Dovetailing nicely into this is the File Alteration Reporting Tool,
which looks for files that have been changed that you didn't expect
changes on. Using FART is not required for IBS to be very useful,
but at least as implemented here, FART is dependant upon IBS.
Note that what I'm providing here is a set of sample scripts based on
lessons learned over almost 20 years of using this process. This is
not being presented as a "finished product". No appology is made for
this -- every environment is different in some ways, and at some point
it is easier to just implement a system that does exactly what you
want than to crow-bar an off-the-shelf solution into your needs.
If you are after a turn-key solution, you should probably look elsewhere.
I'm interested. Tell more
What this system does well:
- Incremental backups: After the first backup, all backups should be
purely incrementals from the backup before.

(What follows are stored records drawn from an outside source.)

lemma dominated_extensionsD:
  assumes "G \<in> dominated_extensions V p z"
  shows "G \<subseteq> V \<times> UNIV" "(z, p z) \<in> G" "linear_graph G" "(a, r) \<in> G \<Longrightarrow> r \<le> p a"
  using assms by (simp_all add: dominated_extensions_def)

lemma line_in_dominated_extensions:
  assumes "sublinear_on V p" "function_subspace V" "z \<in> V"
  shows "{((\<lambda>x. t * z x), t * p z) | t. True} \<in> dominated_extensions V p z"
proof -
  let ?G = "{((\<lambda>x. t * z x), t * p z) | t. True}"
  have "p (\<lambda>x. 0 * z x) = 0 * p z" by (rule sublinear_onD(2)[OF assms(1,3)]) simp
  then have pz0: "p (\<lambda>x. 0) = 0" by simp
  have func: "t * p z = t' * p z" if "(\<lambda>x. t * z x) = (\<lambda>x. t' * z x)" for t t'
  proof (cases "t = t'")
    case False
    have "\<forall>x. t * z x = t' * z x" using that by metis
    then have "\<forall>x. z x = 0" using False by auto
    then have "z = (\<lambda>x. 0)" by auto
    then show ?thesis using pz0 by simp
  qed simp
  note dom = sublinear_on_scale_ge[OF assms]
  show ?thesis unfolding dominated_extensions_def linear_graph_def
  proof (rule CollectI, intro conjI allI impI)
    show "?G \<subseteq> V \<times> UNIV" using assms(2,3) unfolding function_subspace_def by auto
    show "(z, p z) \<in> ?G" by (rule CollectI, rule exI[of _ 1]) simp
  next
    fix a r s assume h1: "(a,r) \<in> ?G" and h2: "(a,s) \<in> ?G"
    obtain t where "a = (\<lambda>x. t * z x)" "r = t * p z" using h1 by blast
    moreover obtain t' where "a = (\<lambda>x. t' * z x)" "s = t' * p z" using h2 by blast
    ultimately show "r = s" using func by metis
  next
    fix a r b s assume h1: "(a,r) \<in> ?G" and h2: "(b,s) \<in> ?G"
    obtain t where "a = (\<lambda>x. t * z x)" "r = t * p z" using h1 by blast
    moreover obtain t' where "b = (\<lambda>x. t' * z x)" "s = t' * p z" using h2 by blast
    ultimately show "((\<lambda>x. a x + b x), r+s) \<in> ?G"
      by (intro CollectI exI[of _ "t+t'"]) (auto simp: algebra_simps)
  next
    fix a r c assume "(a,r) \<in> ?G"
    then obtain t where "a = (\<lambda>x. t * z x)" "r = t * p z" by auto
    then show "((\<lambda>x. c * a x), c*r) \<in> ?G"
      by (intro CollectI exI[of _ "c*t"]) (auto simp: algebra_simps)
  next
    fix a r assume "(a,r) \<in> ?G"
    then obtain t where "a = (\<lambda>x. t * z x)" "r = t * p z" by auto
    then show "r \<le> p a" using dom by simp
  qed
qed

lemma Union_chain_in_dominated_extensions:
  assumes "C \<in> chains (dominated_extensions V p z)" "C \<noteq> {}"
  shows "\<Union>C \<in> dominated_extensions V p z"
proof -
  have C: "C \<subseteq> dominated_extensions V p z" using assms(1) chainsD2 by blast
  have common: "\<exists>G\<in>C. u \<in> G \<and> v \<in> G" if "u \<in> \<Union>C" "v \<in> \<Union>C" for u v
    using that chainsD[OF assms(1)] by blast
  have "linear_graph (\<Union>C)"
    unfolding linear_graph_def
  proof (intro conjI allI impI)
    fix a r s assume "(a, r) \<in> \<Union>C" "(a, s) \<in> \<Union>C"
    then obtain G where "G \<in> C" "(a, r) \<in> G" "(a, s) \<in> G" using common by blast
    then show "r = s" using C dominated_extensionsD(3) linear_graphD(1) by blast
  next
    fix a r b s assume "(a, r) \<in> \<Union>C" "(b, s) \<in> \<Union>C"
    then obtain G where "G \<in> C" "(a, r) \<in> G" "(b, s) \<in> G" using common by blast
    then show "((\<lambda>x. a x + b x), r + s) \<in> \<Union>C"
      using C dominated_extensionsD(3) linear_graphD(2) by blast
  next
    fix a r c assume "(a, r) \<in> \<Union>C"
    then obtain G where "G \<in> C" "(a, r) \<in> G" by blast
    then show "((\<lambda>x. c * a x), c * r) \<in> \<Union>C"
      using C dominated_extensionsD(3) linear_graphD(3) by blast
  qed
  then show ?thesis
    using C assms(2) unfolding dominated_extensions_def by blast
qed

text \<open>The one-dimensional extension step: the new value c at y must lie between the supremum of
  r - p(a - y) and the infimum of p(b + y) - s over the graph.\<close>

lemma dominated_extension_bounds:
  assumes sl: "sublinear_on V p" and V: "function_subspace V" and G: "G \<in> dominated_extensions V p z"
    and y: "y \<in> V"
  shows "\<exists>c. (\<forall>a r. (a, r) \<in> G \<longrightarrow> r - p (\<lambda>x. a x - y x) \<le> c) \<and>
             (\<forall>b s. (b, s) \<in> G \<longrightarrow> c \<le> p (\<lambda>x. b x + y x) - s)"
proof -
  have key: "r - p (\<lambda>x. a x - y x) \<le> p (\<lambda>x. b x + y x) - s" if "(a, r) \<in> G" "(b, s) \<in> G" for a r b s
  proof -
    have "a \<in> V" "b \<in> V" using that dominated_extensionsD(1)[OF G] by auto
    then have "(\<lambda>x. a x - y x) \<in> V" "(\<lambda>x. b x + y x) \<in> V"
      using function_subspace_lincomb[OF V _ y, of _ 1 "-1"] function_subspace_lincomb[OF V _ y, of _ 1 1]
      by auto
    then have "p (\<lambda>x. (a x - y x) + (b x + y x)) \<le> p (\<lambda>x. a x - y x) + p (\<lambda>x. b x + y x)"
      by (intro sublinear_onD(1)[OF sl]) auto
    moreover have "r + s \<le> p (\<lambda>x. a x + b x)"
      using dominated_extensionsD(4)[OF G] linear_graphD(2)[OF dominated_extensionsD(3)[OF G] that] by blast
    ultimately show ?thesis by simp
  qed
  let ?S = "{r - p (\<lambda>x. a x - y x) | a r. (a, r) \<in> G}"
  have "?S \<noteq> {}" using dominated_extensionsD(2)[OF G] by blast
  moreover have "bdd_above ?S"
    using key[OF _ dominated_extensionsD(2)[OF G]] unfolding bdd_above_def by blast
  ultimately show ?thesis
    by (intro exI[of _ "Sup ?S"] conjI allI impI cSup_upper cSup_least) (use key in blast)+
qed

- "rsync" and "ssh" are the backup client on the remote system being
backed up. Most Unix-like OSs either include these tools or have them
readily available for installation.
- Disk-based backups. Cheap media, cheap systems they attach to.
- Minimal network traffic
- Efficent use of disk space -- store many backups in a modest amount of
space.
- Incredibly useful backups. Most backups are pretty much useless until
you need to restore data, you will find these IBS backups are something you
refer to regularly. This has potential security issues, but also means
that your IBS system will be maintained and used -- unlikely to go looking
for a backup and find out the system died a month ago and no one noticed.
I've also found that while these systems often start out being wedged into
a corner of a machine with some extra disk space, after a while, the utility
of this system ends up justifying the maintenance and upgrade of the IBS
system.
- Good protection from ransomware attacks -- no code from the machines
being backed up is run on the server, so a ransomware attack on the machine
being backed up should not be a problem on the backup server.
In fact, if your backup size and time suddenly explode on you, that may
be an indication that a ransomeware attack just tookk place, changing
huge qantities of what should be "stable" files.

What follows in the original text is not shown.